Cuda vs. OpenGL for simple imaging shaders

Lets say I want write a simple image filtering algorithm, for sake of argument, say a gaussian blur.

I can do this very easily and painlessly by writing an OpenGL shader. I know that opengl will be
loading my gpu very efficiently, coalescing memory, etc… without worrying about it.

I can do the same thing in CUDA, but it is very hard and I have to be very careful to do everything just right.

My question: If the algorithm you want can be written as a shader (like the blur) is it worth writing the
CUDA version? Will it likely be faster?

I understand that CUDA is much more flexible, that is not the question. At some point you have to go to CUDA, I understand.

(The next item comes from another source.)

(* Let $n,k,t$ be positive integers with $k\cdot t=\frac{n(n+1)}{2}$ and $t\ge n$. Then the recursive procedure $\Pi\mathit{Solve}$ (defined in the context) terminates on input $(n,k,t)$ and outputs sets $T_1,\ldots,T_k$ which are pairwise disjoint, satisfy $\{1,\ldots,n\}\subseteq \bigcup_{j=1}^k T_j\subseteq\{0,1,\ldots,n\}$, and satisfy $\sum_{x\in T_j}x=t$ for every $1\le j\le k$. Consequently the sets $T_j\setminus\{0\}$, $1\le j\le k$, form a $(k,t)$-partitioning of $\{1,\ldots,n\}$.
   Context: For integers $n,k,t$, a $(k,t)$-partitioning of $\{1,\ldots,n\}$ is a family of $k$ pairwise disjoint sets $T_1,\ldots,T_k$ with union $\{1,\ldots,n\}$ and $\sum_{x\in T_j}x=t$ for all $j$. The procedure $\Pi\mathit{Solve}(n,k,t)$ returns a list of $k$ sets and is defined recursively as follows. (Base cases.) If $k=0$, return the empty list. If $k=1$, return the single set $\{1,\ldots,n\}$ (empty if $n\le 0$). (Case $t\le 2n-1$, $t$ even.) Let $a=\frac{2n-t}{2}$. For $1\le i\le a$ put $T_i=\{t-n+(i-1),\,n-(i-1)\}$. Let $n'=t-n-1$, $k'=2(k-n)+t-1$, $t'=t/2$, and let $(S_1,\ldots,S_{k'})=\Pi\mathit{Solve}(n',k',t')$. Put $T_{a+1}=\{t/2\}\cup S_1$ and, for $2\le m\le k-a$, $T_{a+m}=S_{2m-2}\cup S_{2m-1}$. Return $(T_1,\ldots,T_k)$. (Case $t\le 2n-1$, $t$ odd.) Let $a=\frac{2n-t+1}{2}$. For $1\le i\le a$ put $T_i=\{t-n+(i-1),\,n-(i-1)\}$. Let $(S_1,\ldots,S_{k-a})=\Pi\mathit{Solve}(t-n-1,\,k-a,\,t)$ and put $T_{a+m}=S_m$ for $1\le m\le k-a$. Return $(T_1,\ldots,T_k)$. (Case $t\ge 2n$.) Let $(S_1,\ldots,S_k)=\Pi\mathit{Solve}(n-2k,\,k,\,t-2(n-k)-1)$ and put $T_i=\{n-2k+i,\,n-(i-1)\}\cup S_i$ for $1\le i\le k$. Return $(T_1,\ldots,T_k)$. *)

theory Defs
  imports Main
begin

But I was just wondering about these tradeoffs and whether simple imagers are just as good in OpenGL or will the CUDA
implementation be much faster?


(and yes, I understand that I can just try it… but maybe someone already has??)

For simple per-pixel operations (e.g. color conversion), there is not much difference.

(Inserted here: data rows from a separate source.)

lemma continuous_on_argmin_mixture:
  fixes f g :: "'a::metric_space \<Rightarrow> real" and m :: "real \<Rightarrow> 'a"
  assumes S: "compact S" and f: "continuous_on S f" and g: "continuous_on S g"
    and min: "\<And>t. t \<in> {0..1} \<Longrightarrow>
                m t \<in> S \<and> (\<forall>s\<in>S. t * f (m t) + (1-t) * g (m t) \<le> t * f s + (1-t) * g s)"
    and uniq: "\<And>t s. t \<in> {0..1} \<Longrightarrow> s \<in> S \<Longrightarrow>
                \<forall>u\<in>S. t * f s + (1-t) * g s \<le> t * f u + (1-t) * g u \<Longrightarrow> s = m t"
  shows "continuous_on {0..1} m"
proof -
  define h where "h t s = t * f s + (1-t) * g s" for t s
  have "bounded ((\<lambda>s. f s - g s) ` S)"
    using S f g by (intro compact_imp_bounded compact_continuous_image continuous_intros)
  then obtain B0 where "\<forall>s\<in>S. \<bar>f s - g s\<bar> \<le> B0" by (auto simp: bounded_real)
  then obtain B where B: "0 < B" "\<And>s. s \<in> S \<Longrightarrow> \<bar>f s - g s\<bar> \<le> B"
    by (intro that[of "max B0 1"]) force+
  have h_lipschitz: "\<bar>h t' s - h t s\<bar> \<le> \<bar>t' - t\<bar> * B" if "s \<in> S" for s t t'
  proof -
    have "\<bar>h t' s - h t s\<bar> = \<bar>t' - t\<bar> * \<bar>f s - g s\<bar>"
      by (simp add: h_def abs_mult[symmetric] algebra_simps)
    also have "\<dots> \<le> \<bar>t' - t\<bar> * B" using B that by (intro mult_left_mono) auto
    finally show ?thesis .
  qed
  show ?thesis
    unfolding continuous_on_iff
  proof (intro ballI allI impI)
    fix t e :: real assume t: "t \<in> {0..1}" and "0 < e"
    have "continuous_on S (h t)" unfolding h_def using f g by (intro continuous_intros)
    then obtain \<delta> where "0 < \<delta>" and gap: "\<forall>s\<in>S. e \<le> dist s (m t) \<longrightarrow> h t (m t) + \<delta> \<le> h t s"
      using unique_argmin_gap[of S "h t" "m t" e] S min[OF t] uniq[OF t] \<open>0 < e\<close>
      unfolding h_def by blast
    show "\<exists>d>0. \<forall>t'\<in>{0..1}. dist t' t < d \<longrightarrow> dist (m t') (m t) < e"
    proof (intro exI[of _ "\<delta> / (2 * B)"] conjI ballI impI)
      fix t' assume t': "t' \<in> {0..1}" and "dist t' t < \<delta> / (2 * B)"
      then have close: "\<bar>t' - t\<bar> * B < \<delta> / 2"
        using B by (simp add: dist_real_def field_simps)
      have "h t' (m t') \<le> h t' (m t)"
        using min[OF t'] min[OF t] unfolding h_def by blast
      moreover have "\<bar>h t' (m t') - h t (m t')\<bar> \<le> \<bar>t' - t\<bar> * B" "\<bar>h t' (m t) - h t (m t)\<bar> \<le> \<bar>t' - t\<bar> * B"
        using h_lipschitz min[OF t] min[OF t'] by blast+
      ultimately have "h t (m t') < h t (m t) + \<delta>"
        using close unfolding abs_le_iff by linarith
      then show "dist (m t') (m t) < e"
        using gap min[OF t'] by (meson not_le)
    qed (use \<open>0 < \<delta>\<close> B in simp)
  qed
qed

For filters like Gaussian blur that can take advantage of shared memory in CUDA, we have measured up to a 2x performance improvement over OpenGL.

Thanks for that experience, it was just what I was wondering. I’ll have to think about why OpenGL doesn’t use the shared memory as efficiently?? Probably relying on general texture caching? It must be the generality of per-pixel operations somehow…

But thanks! Does the difference go away as the computation per pixel access goes up?

OpenGL doesn’t have shared memory (no concept of a thread block).

Yes, the perf. benefit of smem depends of how memory-bandwidth limited the kernel is (imaging kernels often are), and goes up the more times data in shared memory is re-used.